Here's a good academic paper with more benchmarks comparing XFS to EXT3 and EXT4 from UC Berkeley:
https://people.eecs.berkeley.edu/~kubitron/cs262/handouts/papers/hellwig.pdf
TL;DR --- If you want a sample of the benchmarks:
Computer is a SM x9spu-f Xeon E3-1230 v2, root filesystem 1TB Seagate Enterprise drive. The storage infrastructure is two HGST he8 8TB helium-filled drives with an 800GB Intel DC S3700 that's about 60% over-provisioned beyond spec. Drives are second-gen fdisk partitioned, 4k aligned (4096 block size).
I started with OpenZFS version 5000
set to sync=always
. I love it, it's convenient and easy to use, has great features, but it seems to use a lot in the way of CPU resources.
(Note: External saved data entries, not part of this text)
(* Let $K$ be an infinite commutative domain and $R$ an associative $K$-algebra on which $K$ acts torsion-freely. Let $m,k,n\ge0$, $\alpha_0,\dots,\alpha_n\in K$, $\alpha=\sum_{i=0}^n\alpha_iy^ixy^{n-i}$, and suppose $y^m\alpha y^k=0$ for all $x,y\in R$. (i) If $\alpha_n\neq0$ then $y^{m+n}e_ny^k=0$ for all $x,y\in R$. (ii) If $\alpha_0\ne0$ then $y^me_ny^{n+k}=0$ for all $x,y\in R$. (iii) If $\alpha_0\neq0$ and $\alpha_n\neq0$ then $y^me_{3n-1}y^k=0$ for all $x,y\in R$.
   Context: $[a,b]=ab-ba$, $e_1=[x,y]$, $e_{j+1}=[e_j,y]$, and $e_0=x$. *)

theory Defs
  imports Main "HOL.Modules"
begin

text \<open>R is a possibly non-unital associative ring (class ring); powers y^i acting on the
left/right are written as iterated multiplications so that y^0 z = z makes sense.\<close>

definition lpow :: "'r::ring \<Rightarrow> nat \<Rightarrow> 'r \<Rightarrow> 'r" where
  "lpow y i z = (((*) y) ^^ i) z"

definition rpow :: "'r::ring \<Rightarrow> 'r \<Rightarrow> nat \<Rightarrow> 'r" where
  "rpow z y j = ((\<lambda>w. w * y) ^^ j) z"

definition comm :: "'r::ring \<Rightarrow> 'r \<Rightarrow> 'r" where
  "comm a b = a * b - b * a"

fun eseq :: "'r::ring \<Rightarrow> 'r \<Rightarrow> nat \<Rightarrow> 'r" where
  "eseq x y 0 = x"
| "eseq x y (Suc j) = comm (eseq x y j) y"

definition algebra_over :: "('k::comm_ring_1 \<Rightarrow> 'r::ring \<Rightarrow> 'r) \<Rightarrow> bool" where
  "algebra_over sc \<longleftrightarrow> module sc \<and>
     (\<forall>c a b. sc c (a * b) = sc c a * b \<and> sc c (a * b) = a * sc c b)"

definition torsion_free :: "('k::comm_ring_1 \<Rightarrow> 'r::ring \<Rightarrow> 'r) \<Rightarrow> bool" where
  "torsion_free sc \<longleftrightarrow> (\<forall>c r. sc c r = 0 \<longrightarrow> c = 0 \<or> r = 0)"

end

theory Submission
  imports Defs "HOL-Computational_Algebra.Polynomial"
begin

(* Write L and R for left and right multiplication by y.  They commute, alpha = p(L, R) x
   with p = sum a_i L^i R^(n-i), and e_n = (R - L)^n x.  Substituting y - t y^2 for y turns
   the hypothesis into a polynomial identity in the scalar t; as K is infinite and acts
   torsion-freely, its coefficients vanish, and cancelling the outer factors y - t y^2 one
   at a time gives y^m A_j y^k = 0 for every coefficient A_j of alpha(x, y - t y^2).
   Evaluating this t-polynomial at t = y^-1 acting on the right, i.e. forming
   sum_j A_j y^(n-j), kills every term with i < n and leaves a_n y^n e_n; acting on the
   left it leaves (-1)^n a_0 e_n y^n.  Finally e_(3n-1) = e_(2n-1)(e_n), and every
   monomial y^r e_n y^(2n-1-r) of e_(2n-1)(e_n) has r >= n or 2n-1-r >= n. *)

lemma lpow_0 [simp]: "lpow y 0 w = w"
  by (simp add: lpow_def)

lemma lpow_Suc: "lpow y (Suc i) w = y * lpow y i w"
  by (simp add: lpow_def)

lemma rpow_0 [simp]: "rpow w y 0 = w"
  by (simp add: rpow_def)

lemma rpow_Suc: "rpow w y (Suc j) = rpow w y j * y"
  by (simp add: rpow_def)

lemma lpow_Suc': "lpow y (Suc i) w = lpow y i (y * w)"
  by (induct i) (simp_all add: lpow_Suc)

lemma rpow_Suc': "rpow w y (Suc j) = rpow (w * y) y j"
  by (induct j) (simp_all add: rpow_Suc)

lemma lpow_commute: "lpow y i (y * w) = y * lpow y i w"
  by (simp add: lpow_Suc' [symmetric] lpow_Suc)

lemma rpow_commute: "rpow (w * y) y j = rpow w y j * y"
  by (simp add: rpow_Suc' [symmetric] rpow_Suc)

lemma lpow_lpow: "lpow y i (lpow y j w) = lpow y (i + j) w"
  by (induct i) (simp_all add: lpow_Suc)

lemma rpow_rpow: "rpow (rpow w y i) y j = rpow w y (i + j)"
  by (induct j) (simp_all add: rpow_Suc)

lemma lpow_mult: "lpow y i (u * v) = lpow y i u * v"
  by (induct i) (simp_all add: lpow_Suc mult.assoc)

lemma rpow_mult: "rpow (u * v) y j = u * rpow v y j"
  by (induct j) (simp_all add: rpow_Suc mult.assoc)

lemma lpow_rpow: "lpow y i (rpow w y j) = rpow (lpow y i w) y j"
  by (induct j) (simp_all add: rpow_Suc lpow_mult)

lemma lpow_rpow_add:
  "lpow y (m + i) (rpow w y (k + j)) = lpow y i (rpow (lpow y m (rpow w y k)) y j)"
  by (simp add: lpow_rpow lpow_lpow rpow_rpow add.commute)

lemma lpow_diff: "lpow y i (u - v) = lpow y i u - lpow y i v"
  by (induct i) (simp_all add: lpow_Suc right_diff_distrib)

lemma rpow_diff: "rpow (u - v) y j = rpow u y j - rpow v y j"
  by (induct j) (simp_all add: rpow_Suc left_diff_distrib)

lemma lpow_zero [simp]: "lpow y i 0 = 0"
  using lpow_diff [of y i 0 0] by simp

lemma rpow_zero [simp]: "rpow 0 y j = 0"
  using rpow_diff [of 0 0 y j] by simp

lemma lpow_add: "lpow y i (u + v) = lpow y i u + lpow y i v"
  using lpow_diff [of y i "u + v" v] by (simp add: algebra_simps)

lemma rpow_add: "rpow (u + v) y j = rpow u y j + rpow v y j"
  using rpow_diff [of "u + v" v y j] by (simp add: algebra_simps)

lemma lpow_sum: "lpow y i (\<Sum>a\<in>A. f a) = (\<Sum>a\<in>A. lpow y i (f a))"
  by (induct A rule: infinite_finite_induct) (simp_all add: lpow_add)

lemma rpow_sum: "rpow (\<Sum>a\<in>A. f a) y j = (\<Sum>a\<in>A. rpow (f a) y j)"
  by (induct A rule: infinite_finite_induct) (simp_all add: rpow_add)

lemma eseq_eseq: "eseq (eseq x y i) y j = eseq x y (i + j)"
  by (induct j) simp_all

lemma eseq_zero [simp]: "eseq 0 y j = 0"
  by (induct j) (simp_all add: comm_def)

lemma comm_lpow: "comm (lpow y i w) y = lpow y i (comm w y)"
  by (induct i) (simp_all add: comm_def lpow_Suc lpow_diff lpow_mult algebra_simps)

lemma comm_rpow_uminus: "comm y (rpow w y i) * y = rpow (comm w (- y)) y (Suc i)"
  by (simp add: comm_def rpow_diff rpow_mult [of y] rpow_commute rpow_Suc algebra_simps)

lemma eseq_vanishing:
  assumes "\<And>a b. N \<le> a + b \<Longrightarrow> lpow y (m + a) (rpow w y (k + b)) = 0"
    and "N \<le> a + b + j"
  shows "lpow y (m + a) (rpow (eseq w y j) y (k + b)) = 0"
  using assms(2)
proof (induction j arbitrary: a b)
  case 0
  then show ?case using assms(1) by simp
next
  case (Suc j)
  have "lpow y (m + a) (rpow (eseq w y (Suc j)) y (k + b))
      = lpow y (m + a) (rpow (eseq w y j) y (k + Suc b))
        - lpow y (m + Suc a) (rpow (eseq w y j) y (k + b))"
    by (simp add: comm_def rpow_diff lpow_diff rpow_mult [of y] rpow_commute lpow_commute
        rpow_Suc [symmetric] lpow_Suc [symmetric])
  then show ?case
    using Suc.IH [of a "Suc b"] Suc.IH [of "Suc a" b] Suc.prems by simp
qed

lemma eseq_vanishing_from_ends:
  assumes "lpow y (m + n) (rpow w y k) = 0"
    and "lpow y m (rpow w y (n + k)) = 0"
  shows "lpow y m (rpow (eseq w y (2 * n - 1)) y k) = 0"
proof -
  have "lpow y (m + a) (rpow w y (k + b)) = 0" if "2 * n - 1 \<le> a + b" for a b
  proof (cases "n \<le> a")
    case True
    then have "lpow y (m + a) (rpow w y (k + b))
        = lpow y (a - n) (rpow (lpow y (m + n) (rpow w y k)) y b)"
      using lpow_rpow_add [of y "m + n" "a - n" w k b] by simp
    then show ?thesis using assms(1) by simp
  next
    case False
    then have "n \<le> b" using that by linarith
    then have "lpow y (m + a) (rpow w y (k + b))
        = lpow y a (rpow (lpow y m (rpow w y (n + k))) y (b - n))"
      using lpow_rpow_add [of y m a w "n + k" "b - n"] by (simp add: add.commute)
    then show ?thesis using assms(2) by simp
  qed
  from eseq_vanishing [where a = 0 and b = 0 and j = "2 * n - 1", OF this] show ?thesis
    by simp
qed

section \<open>Polynomials over R in a scalar parameter\<close>

(* A polynomial q over R in the scalar t stands for sum_j t^j q_j (made precise by
   poly_sc below); zmult_left y and zmult_right y multiply it by y - t y^2. *)
definition zmult_left :: "'r::ring \<Rightarrow> 'r poly \<Rightarrow> 'r poly" where
  "zmult_left y q = map_poly ((*) y) q - pCons 0 (map_poly ((*) (y * y)) q)"

definition zmult_right :: "'r::ring \<Rightarrow> 'r poly \<Rightarrow> 'r poly" where
  "zmult_right y q = map_poly (\<lambda>w. w * y) q - pCons 0 (map_poly (\<lambda>w. w * (y * y)) q)"

lemma coeff_zmult_left_0: "coeff (zmult_left y q) 0 = y * coeff q 0"
  by (simp add: zmult_left_def coeff_map_poly)

lemma coeff_zmult_left_Suc:
  "coeff (zmult_left y q) (Suc j) = y * coeff q (Suc j) - y * (y * coeff q j)"
  by (simp add: zmult_left_def coeff_map_poly mult.assoc)

lemma coeff_zmult_right_0: "coeff (zmult_right y q) 0 = coeff q 0 * y"
  by (simp add: zmult_right_def coeff_map_poly)

lemma coeff_zmult_right_Suc:
  "coeff (zmult_right y q) (Suc j) = coeff q (Suc j) * y - coeff q j * y * y"
  by (simp add: zmult_right_def coeff_map_poly mult.assoc)

lemma degree_zmult_left_le: "degree (zmult_left y q) \<le> Suc (degree q)"
  using degree_pCons_le [of 0 "map_poly ((*) (y * y)) q"]
    map_poly_degree_leq [of "(*) y" q] map_poly_degree_leq [of "(*) (y * y)" q]
  unfolding zmult_left_def by (intro degree_diff_le) linarith+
The VM felt slow to use even though it was the only one booted. I had the ARC throttled down to 4GB max, which didn't appear to negatively affect throughput during my benchmarks.
Here's an example from those tests:

Then I switched to XFS 4.10.0-1
and bcache 1.0.8-8
, same SSD over-provisioning, cache_mode writeback
. It really seemed to speed up quite a bit. The VMs feel really 'snappy'. RAM never went above 4G during my tests.
An aside: In descending order of speed, the best format has been qcow2, compared to raw, qed and vmdk (at least, for this version of KVM).

I know containers (or any type of OS or VM, really) require seek times to be short as possible, especially when dealing with lots of other tenants and concurrent clients, but the XFS results were a bit worse - Keep in mind, even though ZFS had quicker seek times, it also had a substantial ARC (RAM) for caching that the XFS machine didn't have, so it's not an even match in that respect. If it were disabled, I'm fairly certain the XFS setup would be faster (sorry I don't have data on that yet).
Hope this helps you with your decision!